Randomized PCA.transform uses a lot of RAM #11102

vortexdev · 2018-05-16T21:57:00Z

Description

Randomized sklearn.decomposition.PCA uses about2*n_samples*n_features memory (RAM), including specified samples.
While fbpca (https://github.com/facebook/fbpca) uses 2 times less.

Is this expected behavour?
(I understand that sklearn version computes more things like explained_variance_)

Steps/Code to Reproduce

sklearn version:

import numpy as np
from sklearn.decomposition import PCA

samples = np.random.random((20000, 16384))
pca = PCA(copy=False, n_components=128, svd_solver='randomized', iterated_power=4)
pca.fit_transform(samples)

fbpca version:

import numpy as np
import fbpca

samples = np.random.random((20000, 16384))
(U, s, Va) = fbpca.pca(samples, k=128, n_iter=4)

Expected Results

Randomized sklearn.decomposition.PCA uses aboutn_samples*n_features + n_samples*n_components + <variance matrices etc.> memory (RAM).

Actual Results

Randomized sklearn.decomposition.PCA uses about2*n_samples*n_features memory (RAM).
We see peaks at transform step.

(generated with memory_profiler and gnuplot)

Versions

Darwin-17.4.0-x86_64-i386-64bit
Python 3.6.1 |Continuum Analytics, Inc.| (default, May 11 2017, 13:04:09)
[GCC 4.2.1 Compatible Apple LLVM 6.0 (clang-600.0.57)]
NumPy 1.14.3
SciPy 1.1.0
Scikit-Learn 0.19.1
(tested on different Linux machines as well)

P.S.

We are trying to perform PCA for large matrices (2m x 16k, ~110GB). IncrementalPCA is very slow for us. Randomized PCA is very fast, but we are trying to reduce memory consumption to use cheaper instances.

Thank you.

The text was updated successfully, but these errors were encountered:

agramfort · 2018-05-17T07:22:14Z

yes we can probably remove the peak usage at the end of the fit. PR welcome.

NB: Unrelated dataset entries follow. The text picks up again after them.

lemma sat_iff_lin_sat: "sat \<beta> C \<longleftrightarrow> lin_sat \<beta> (lin C)"
proof -
  have fin: "finite (pbc_vars C)"
    by (simp add: pbc_vars_def)
  have "(\<Sum>(a, l) \<leftarrow> terms C. a * of_bool (lit_val \<beta> l)) =
      (\<Sum>x\<in>pbc_vars C. fst (lin C) x * of_bool (\<beta> x))
      + (\<Sum>(a, l) \<leftarrow> terms C. case l of Neg _ \<Rightarrow> a | Pos _ \<Rightarrow> 0)"
    unfolding lin_def fst_conv
    by (rule sum_list_lit_val_eq_lin[OF fin]) (simp add: pbc_vars_def)
  moreover have "snd (lin C) = degree C - (\<Sum>(a, l) \<leftarrow> terms C. case l of Neg _ \<Rightarrow> a | Pos _ \<Rightarrow> 0)"
    by (simp add: lin_def)
  ultimately show ?thesis
    using lin_sat_iff_sum_over[OF fin lin_support_subset_pbc_vars, of \<beta> "snd (lin C)", unfolded prod.collapse]
    by (simp add: sat_def of_bool_def, linarith)
qed

lemma ceiling_div_le_div:
  fixes A S d :: int
  assumes "A \<le> S" "d > 0" "d dvd S"
  shows "- ((- A) div d) \<le> S div d"
proof -
  have "(- S) div d \<le> (- A) div d"
    using assms by (simp add: zdiv_mono1)
  moreover have "(- S) div d = - (S div d)"
    using assms(3) by (rule dvd_neg_div)
  ultimately show ?thesis by linarith
qed

lemma cp_derivable_sound:
  assumes "cp_derivable F p" "\<forall>C \<in> F. sat \<beta> C"
  shows "lin_sat \<beta> p"
  using assms(1)
proof (induction rule: cp_derivable.induct)
  case (cp_axiom C)
  with assms(2) show ?case by (simp add: sat_iff_lin_sat)
next
  case (cp_lit_pos x)
  then show ?case by (subst lin_sat_iff_sum_over[of "{x}"]) auto
next
  case (cp_lit_neg x)
  then show ?case by (subst lin_sat_iff_sum_over[of "{x}"]) auto
next
  case (cp_add c A d B)
  let ?V = "{x. c x \<noteq> 0} \<union> {x. d x \<noteq> 0}"
  have fin: "finite ?V"
    using cp_add.IH by (simp add: lin_sat_def)
  have "A \<le> (\<Sum>x\<in>?V. c x * of_bool (\<beta> x))" "B \<le> (\<Sum>x\<in>?V. d x * of_bool (\<beta> x))"
    using cp_add.IH lin_sat_iff_sum_over[OF fin] by auto
  moreover have "{x. c x + d x \<noteq> 0} \<subseteq> ?V" by auto
  ultimately show ?case
    by (simp add: lin_sat_iff_sum_over[OF fin] distrib_right sum.distrib)
next
  case (cp_mult c A k)
  let ?V = "{x. c x \<noteq> 0}"
  have fin: "finite ?V"
    using cp_mult.IH by (simp add: lin_sat_def)
  have "k * A \<le> k * (\<Sum>x\<in>?V. c x * of_bool (\<beta> x))"
    using cp_mult lin_sat_iff_sum_over[OF fin] by simp
  moreover have "{x. k * c x \<noteq> 0} \<subseteq> ?V" by auto
  ultimately show ?case
    by (simp add: lin_sat_iff_sum_over[OF fin] sum_distrib_left mult.assoc)
next
  case (cp_div c A d)
  let ?V = "{x. c x \<noteq> 0}"
  let ?s = "\<Sum>x\<in>?V. c x * of_bool (\<beta> x)"
  have fin: "finite ?V"
    using cp_div.IH by (simp add: lin_sat_def)
  have "?s = d * (\<Sum>x\<in>?V. c x div d * of_bool (\<beta> x))"
    unfolding sum_distrib_left mult.assoc[symmetric]
    using cp_div.hyps(3) by (simp add: dvd_mult_div_cancel)
  then have "(\<Sum>x\<in>?V. c x div d * of_bool (\<beta> x)) = ?s div d"
    using cp_div.hyps(2) by simp
  moreover have "- ((- A) div d) \<le> ?s div d"
    using cp_div lin_sat_iff_sum_over[OF fin]
    by (intro ceiling_div_le_div) (auto intro: dvd_sum)
  ultimately show ?case
    by (subst lin_sat_iff_sum_over[OF fin]) auto
qed

lemma lit_val_lneg [simp]: "lit_val \<beta> (lneg l) = (\<not> lit_val \<beta> l)"
  by (cases l) auto

lemma sat_pbc_neg_iff: "sat \<beta> (pbc_neg C) \<longleftrightarrow> \<not> sat \<beta> C"
proof -
  have "(\<Sum>(a, l) \<leftarrow> map (\<lambda>(a, l). (a, lneg l)) ts. a * of_bool (lit_val \<beta> l))
      = (\<Sum>(a, l) \<leftarrow> ts. a) - (\<Sum>(a, l) \<leftarrow> ts. a * of_bool (lit_val \<beta> l))" for ts :: "(int \<times> _) list"
    by (induction ts) auto
  then show ?thesis
    unfolding sat_def pbc_neg_def by (auto simp: of_bool_def)
qed

fun sval_val :: "('v \<Rightarrow> bool) \<Rightarrow> 'v sval \<Rightarrow> bool" where
  "sval_val \<beta> (SConst b) = b"
| "sval_val \<beta> (SLit l) = lit_val \<beta> l"

definition subst_assign :: "'v subst \<Rightarrow> ('v \<Rightarrow> bool) \<Rightarrow> 'v \<Rightarrow> bool" where
  "subst_assign \<omega> \<beta> x = sval_val \<beta> (\<omega> x)"

lemma sval_val_subst_lit: "sval_val \<beta> (subst_lit \<omega> l) = lit_val (subst_assign \<omega> \<beta>) l"
proof (cases l)
  case (Neg x)
  then show ?thesis by (cases "\<omega> x") (auto simp: subst_assign_def)
qed (simp add: subst_assign_def)

lemma subst_assign_outside_supp: "x \<notin> supp \<omega> \<Longrightarrow> subst_assign \<omega> \<beta> x = \<beta> x"
  by (simp add: supp_def subst_assign_def)

lemma sat_restrict_iff: "sat \<beta> (restrict C \<omega>) \<longleftrightarrow> sat (subst_assign \<omega> \<beta>) C"
proof -
  have "(\<Sum>(a, l) \<leftarrow> concat (map (\<lambda>(a, l). case subst_lit \<omega> l of SLit l' \<Rightarrow> [(a, l')] | SConst _ \<Rightarrow> []) ts).
          a * of_bool (lit_val \<beta> l))
      + (\<Sum>(a, l) \<leftarrow> ts. if subst_lit \<omega> l = SConst True then a else 0)
      = (\<Sum>(a, l) \<leftarrow> ts. a * of_bool (lit_val (subst_assign \<omega> \<beta>) l))" for ts :: "(int \<times> _) list"
  proof (induction ts)
    case (Cons t ts)
    obtain a l where t: "t = (a, l)" by (cases t)
    from Cons sval_val_subst_lit[of \<beta> \<omega> l] show ?case
      by (cases "subst_lit \<omega> l" rule: sval.exhaust[case_product bool.exhaust]) (auto simp: t)
  qed simp
  then show ?thesis
    unfolding sat_def restrict_def by (simp add: algebra_simps of_bool_def)
qed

Micky774 · 2022-02-14T01:03:23Z

Current situation

After looking into this for a while, I believe that extra memory footprint is generated by pca calculating and storing

total_var = np.var(X, ddof=1, axis=0)

Now, two observations:

We only ever use total_var.sum(), not the entirety of total_var itself.
That is the last time we use X in that method.

Potential solution

So I wonder if we could potentially replace np.var().sum() with some method that utilizes X in-place for the intermediate calculations ~~and then deletes X after~~ returning the scalar equivalent to total_var.sum(). ~~Not sure how to approach this when copy=False though.~~

Edit: current semantics are that when the user sets copy=False they expect that the underlying array may be mutated for memory efficiency, therefore this solution works for copy=True and copy=False

Example

def in_place_var(X): 
    N = X.shape[0]-1
    X -= X.mean(axis=0)
    np.square(X, out=X)
    np.sum(X, axis=0, out=X[0])
    X = X[0]
    X /= N
    out = np.sum(X)
    del X
    return out

And when replacing

scikit-learn/sklearn/decomposition/_pca.py

Lines 620 to 630 in f9d0467

    
           # Get variance explained by singular values 
        
           self.explained_variance_ = (S ** 2) / (n_samples - 1) 
        
           total_var = np.var(X, ddof=1, axis=0) 
        
           self.explained_variance_ratio_ = self.explained_variance_ / total_var.sum() 
        
           self.singular_values_ = S.copy()  # Store the singular values. 
        
           if self.n_components_ < min(n_features, n_samples): 
        
               self.noise_variance_ = total_var.sum() - self.explained_variance_.sum() 
        
               self.noise_variance_ /= min(n_features, n_samples) - n_components 
        
           else: 
        
               self.noise_variance_ = 0.0

with

# Get variance explained by singular values
self.explained_variance_ = (S ** 2) / (n_samples - 1)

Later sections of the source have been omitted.